The third set of tremors lifted me off of my seat and onto my feet. I ran past the commotion and went to the stain glass windows at the back of the hall. Outside, I could see the harpies fliying overhead. They seemed panicked and promptly landed to the ground. They hugged the Earth tight as the tremors continued to shake. Small pieces of stone fell from above me and landed on the smooth stone floor.

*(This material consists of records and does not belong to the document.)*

(* Let $n$ be an integer, let $\mathfrak{M}=(S,\mathcal{L})$ be a $\big(\binom{n+1}{2}_{\,n-1}\ \binom{n+1}{3}_{\,3}\big)$-configuration, and let $X\subseteq S$ with $|X|=n$ be such that $\mathfrak{M}$ freely contains the complete graph $K_X$. Let $Y=S\setminus X$ (the point set of the subconfiguration complementary to $K_X$). Then $Y$ is a hyperplane of $\mathfrak{M}$.
   Context: A $(v_r\ b_k)$-configuration is a partial linear space (two distinct points lie on at most one line) with $v$ points and $b$ lines, each point on exactly $r$ lines and each line containing exactly $k$ points. For distinct collinear points $a_1,a_2$ let $\overline{a_1a_2}$ denote the line through them. $\mathfrak{M}$ freely contains the complete graph $K_X$ ($X\subseteq S$) iff any two distinct points of $X$ are collinear, no three points of $X$ lie on a common line, and for any disjoint $2$-subsets $\{a_1,a_2\},\{b_1,b_2\}$ of $X$ the lines $\overline{a_1a_2}$ and $\overline{b_1b_2}$ are disjoint. A subspace is a set of points containing every line that meets it in at least two points; a hyperplane is a proper subspace meeting every line. *)

theory Defs
  imports Main
begin

definition partial_linear_space :: "'a set \<Rightarrow> 'a set set \<Rightarrow> bool" where
  "partial_linear_space S L \<longleftrightarrow>
     (\<forall>l\<in>L. l \<subseteq> S) \<and>
     (\<forall>l1\<in>L. \<forall>l2\<in>L. \<forall>a b. a \<noteq> b \<and> a \<in> l1 \<and> b \<in> l1 \<and> a \<in> l2 \<and> b \<in> l2 \<longrightarrow> l1 = l2)"

definition configuration :: "'a set \<Rightarrow> 'a set set \<Rightarrow> nat \<Rightarrow> nat \<Rightarrow> nat \<Rightarrow> nat \<Rightarrow> bool" where
  "configuration S L v r b k \<longleftrightarrow>
     partial_linear_space S L \<and> finite S \<and> finite L \<and>
     card S = v \<and> card L = b \<and>
     (\<forall>p\<in>S. card {l\<in>L. p \<in> l} = r) \<and>
     (\<forall>l\<in>L. card l = k)"

definition line_through :: "'a set set \<Rightarrow> 'a \<Rightarrow> 'a \<Rightarrow> 'a set" where
  "line_through L a b = (THE l. l \<in> L \<and> a \<in> l \<and> b \<in> l)"

definition freely_contains_complete_graph :: "'a set \<Rightarrow> 'a set set \<Rightarrow> 'a set \<Rightarrow> bool" where
  "freely_contains_complete_graph S L X \<longleftrightarrow>
     X \<subseteq> S \<and>
     (\<forall>a\<in>X. \<forall>b\<in>X. a \<noteq> b \<longrightarrow> (\<exists>l\<in>L. a \<in> l \<and> b \<in> l)) \<and>
     (\<forall>l\<in>L. \<not> (\<exists>a\<in>X. \<exists>b\<in>X. \<exists>c\<in>X. a \<noteq> b \<and> a \<noteq> c \<and> b \<noteq> c \<and> a \<in> l \<and> b \<in> l \<and> c \<in> l)) \<and>
     (\<forall>a1\<in>X. \<forall>a2\<in>X. \<forall>b1\<in>X. \<forall>b2\<in>X.
        a1 \<noteq> a2 \<and> b1 \<noteq> b2 \<and> {a1, a2} \<inter> {b1, b2} = {} \<longrightarrow>
        line_through L a1 a2 \<inter> line_through L b1 b2 = {})"

definition subspace :: "'a set \<Rightarrow> 'a set set \<Rightarrow> 'a set \<Rightarrow> bool" where
  "subspace S L Z \<longleftrightarrow> Z \<subseteq> S \<and>
     (\<forall>l\<in>L. (\<exists>a\<in>l. \<exists>b\<in>l. a \<noteq> b \<and> a \<in> Z \<and> b \<in> Z) \<longrightarrow> l \<subseteq> Z)"

definition hyperplane :: "'a set \<Rightarrow> 'a set set \<Rightarrow> 'a set \<Rightarrow> bool" where
  "hyperplane S L Z \<longleftrightarrow> subspace S L Z \<and> Z \<noteq> S \<and> (\<forall>l\<in>L. l \<inter> Z \<noteq> {})"

end

theory Submission
  imports Defs
begin

text \<open>Through a point x of X there pass exactly n - 1 lines, and the n - 1 lines joining x to
  the other points of X are pairwise distinct because no three points of X are collinear. Hence
  every line through a point of X contains a second point of X. A line has only three points, so
  a line with two points outside X lies outside X, i.e. S - X is a subspace; and no line lies
  inside X, so S - X meets every line.\<close>

definition pairwise_collinear :: "'a set set \<Rightarrow> 'a set \<Rightarrow> bool" where
  "pairwise_collinear L X \<longleftrightarrow> (\<forall>a\<in>X. \<forall>b\<in>X. a \<noteq> b \<longrightarrow> (\<exists>l\<in>L. a \<in> l \<and> b \<in> l))"

definition no_three_collinear :: "'a set set \<Rightarrow> 'a set \<Rightarrow> bool" where
  "no_three_collinear L X \<longleftrightarrow>
     (\<forall>l\<in>L. \<not> (\<exists>a\<in>X. \<exists>b\<in>X. \<exists>c\<in>X. a \<noteq> b \<and> a \<noteq> c \<and> b \<noteq> c \<and> a \<in> l \<and> b \<in> l \<and> c \<in> l))"

lemma freely_contains_complete_graphD:
  assumes "freely_contains_complete_graph S L X"
  shows "pairwise_collinear L X" and "no_three_collinear L X"
  using assms
  unfolding freely_contains_complete_graph_def pairwise_collinear_def no_three_collinear_def
  by auto

lemma line_through_eq:
  assumes "partial_linear_space S L" and "l \<in> L" and "a \<noteq> b" and "a \<in> l" and "b \<in> l"
  shows "line_through L a b = l"
  unfolding line_through_def
proof (rule the_equality)
  show "l \<in> L \<and> a \<in> l \<and> b \<in> l" using assms by blast
  show "m = l" if "m \<in> L \<and> a \<in> m \<and> b \<in> m" for m
    using assms that unfolding partial_linear_space_def by blast
qed

lemma line_through_in_lines:
  assumes "partial_linear_space S L" and "a \<noteq> b" and "l \<in> L" and "a \<in> l" and "b \<in> l"
  shows "line_through L a b \<in> L" "a \<in> line_through L a b" "b \<in> line_through L a b"
  using line_through_eq[OF assms(1,3,2,4,5)] assms by auto

lemma lines_through_clique_point:
  assumes pls: "partial_linear_space S L" and "finite L" and "finite X"
    and coll: "pairwise_collinear L X" and no3: "no_three_collinear L X"
    and x: "x \<in> X" and few: "card {l\<in>L. x \<in> l} \<le> card X - 1"
  shows "{l\<in>L. x \<in> l} = line_through L x ` (X - {x})"
proof -
  have joining: "line_through L x y \<in> L \<and> x \<in> line_through L x y \<and> y \<in> line_through L x y"
    if "y \<in> X - {x}" for y
    using coll x that line_through_in_lines[OF pls] unfolding pairwise_collinear_def by (metis DiffE singletonI)
  have "inj_on (line_through L x) (X - {x})"
  proof (rule inj_onI)
    fix y y' assume y: "y \<in> X - {x}" and y': "y' \<in> X - {x}"
      and "line_through L x y = line_through L x y'"
    then show "y = y'"
      using joining[OF y] joining[OF y'] no3 x unfolding no_three_collinear_def by blast
  qed
  then have "card (line_through L x ` (X - {x})) = card X - 1"
    using card_image x \<open>finite X\<close> by fastforce
  moreover have "line_through L x ` (X - {x}) \<subseteq> {l\<in>L. x \<in> l}"
    using joining by blast
  moreover have "finite {l\<in>L. x \<in> l}"
    using \<open>finite L\<close> by simp
  ultimately show ?thesis
    using card_seteq few by (metis (no_types, lifting))
qed

corollary line_through_clique_point_meets_clique:
  assumes "partial_linear_space S L" and "finite L" and "finite X"
    and "pairwise_collinear L X" and "no_three_collinear L X"
    and "x \<in> X" and "card {l\<in>L. x \<in> l} \<le> card X - 1"
    and "l \<in> L" and "x \<in> l"
  shows "\<exists>y\<in>X. y \<noteq> x \<and> y \<in> l"
proof -
  have "l \<in> line_through L x ` (X - {x})"
    using lines_through_clique_point[OF assms(1-7)] assms(8,9) by blast
  then obtain y where y: "y \<in> X" "x \<noteq> y" and l: "l = line_through L x y" by blast
  obtain m where "m \<in> L" "x \<in> m" "y \<in> m"
    using assms(4,6) y unfolding pairwise_collinear_def by blast
  then have "y \<in> l"
    unfolding l by (rule line_through_in_lines(3)[OF assms(1) \<open>x \<noteq> y\<close>])
  with y show ?thesis by auto
qed

lemma complement_subspace_if_lines_meet_twice:
  assumes lines_in_S: "\<forall>l\<in>L. l \<subseteq> S" and three: "\<forall>l\<in>L. card l = 3"
    and twice: "\<And>x l. x \<in> X \<Longrightarrow> l \<in> L \<Longrightarrow> x \<in> l \<Longrightarrow> \<exists>y\<in>X. y \<noteq> x \<and> y \<in> l"
  shows "subspace S L (S - X)"
  unfolding subspace_def
proof (intro conjI ballI impI subsetI)
  fix l z assume l: "l \<in> L" and "\<exists>a\<in>l. \<exists>b\<in>l. a \<noteq> b \<and> a \<in> S - X \<and> b \<in> S - X" and z: "z \<in> l"
  then obtain a b where ab: "a \<in> l" "b \<in> l" "a \<noteq> b" "a \<notin> X" "b \<notin> X" by auto
  show "z \<in> S - X"
  proof (rule ccontr)
    assume "z \<notin> S - X"
    then have "z \<in> X" using z l lines_in_S by auto
    then obtain y where y: "y \<in> X" "y \<noteq> z" "y \<in> l" using twice l z by blast
    have "a \<noteq> y" "a \<noteq> z" "b \<noteq> y" "b \<noteq> z" using ab y \<open>z \<in> X\<close> by auto
    then have "card {a, b, y, z} = 4" using ab(3) y(2) by auto
    moreover have "{a, b, y, z} \<subseteq> l" using ab y z by auto
    moreover have "finite l" using three l by (metis card.infinite zero_neq_numeral)
    ultimately have "4 \<le> card l" by (metis card_mono)
    then show False using three l by auto
  qed
qed simp

lemma complement_meets_lines:
  assumes "\<forall>l\<in>L. l \<subseteq> S" and "\<forall>l\<in>L. card l = 3" and "no_three_collinear L X" and l: "l \<in> L"
  shows "l \<inter> (S - X) \<noteq> {}"
proof
  assume "l \<inter> (S - X) = {}"
  then have "l \<subseteq> X" using assms(1) l by auto
  have "card l = 3" using assms(2) l by blast
  then obtain a b c where abc: "l = {a, b, c}" "a \<noteq> b" "a \<noteq> c" "b \<noteq> c"
    by (metis card_3_iff)
  then have "\<exists>a\<in>X. \<exists>b\<in>X. \<exists>c\<in>X. a \<noteq> b \<and> a \<noteq> c \<and> b \<noteq> c \<and> a \<in> l \<and> b \<in> l \<and> c \<in> l"
    using \<open>l \<subseteq> X\<close> by auto
  with assms(3) l show False
    unfolding no_three_collinear_def by blast
qed

theorem proposition1p7:
  fixes S :: "'a set" and L :: "'a set set" and X :: "'a set" and n :: nat
  assumes "n \<ge> 1"
    and "configuration S L ((n + 1) choose 2) (n - 1) ((n + 1) choose 3) 3"
    and "X \<subseteq> S" and "card X = n"
    and "freely_contains_complete_graph S L X"
  shows "hyperplane S L (S - X)"
proof -
  have pls: "partial_linear_space S L" and "finite S" and "finite L"
    and degree: "\<forall>p\<in>S. card {l\<in>L. p \<in> l} = n - 1" and three: "\<forall>l\<in>L. card l = 3"
    using assms(2) unfolding configuration_def by auto
  have lines_in_S: "\<forall>l\<in>L. l \<subseteq> S" using pls unfolding partial_linear_space_def by auto
  have "finite X" using assms(3) \<open>finite S\<close> finite_subset by blast
  note coll = freely_contains_complete_graphD(1)[OF assms(5)]
    and no3 = freely_contains_complete_graphD(2)[OF assms(5)]
  have "\<exists>y\<in>X. y \<noteq> x \<and> y \<in> l" if "x \<in> X" "l \<in> L" "x \<in> l" for x l
  proof (rule line_through_clique_point_meets_clique[OF pls \<open>finite L\<close> \<open>finite X\<close> coll no3 that(1) _ that(2,3)])
    show "card {l\<in>L. x \<in> l} \<le> card X - 1"
      using degree assms(3,4) that(1) by auto
  qed
  then have "subspace S L (S - X)"
    by (rule complement_subspace_if_lines_meet_twice[OF lines_in_S three])
  moreover have "S - X \<noteq> S"
  proof -
    have "X \<noteq> {}" using assms(1,4) by auto
    then show ?thesis using assms(3) by blast
  qed
  moreover have "\<forall>l\<in>L. l \<inter> (S - X) \<noteq> {}"
    using complement_meets_lines[OF lines_in_S three no3] by blast
  ultimately show ?thesis unfolding hyperplane_def by blast
qed

end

“We have to get out!” I shouted, forgetting it would do no good. Not a soul could hear me. They were watching on as the invisible bride strode down the aisle. Large chunks of rock were now falling, and the tremors were enough to send me falling on to my knees twice in only a few seconds. I looked back once before retreating from the castle. There was a scorpion, black, sitting on the shoulder of the priest.

I had seen enough. There was never going to be another time. There was only that moment and in that moment I knew that I could wait no longer. I watched the sky and saw the dustlink breaking apart, chunk by chunk. And with each chunk the Earth shook greater. The sun seemed to wobble in the sky.

I found Oliver calmly carving a figure into the front of his ship, one arm supported by his crutch, and the other steadily crafting out of sand. “I was not expecting you back so early,” he said, “you have not awoken, but you are trying.” He sidestepped a tall wave that splashed from the disturbed river.

“I don't care. It doesn't matter if I'm ready, we've got to go. The castle is crumbling!”

“What castle?” he said.

“My castle! The one I live in!”

“There is no castle, not really. Just an illusion of a castle.”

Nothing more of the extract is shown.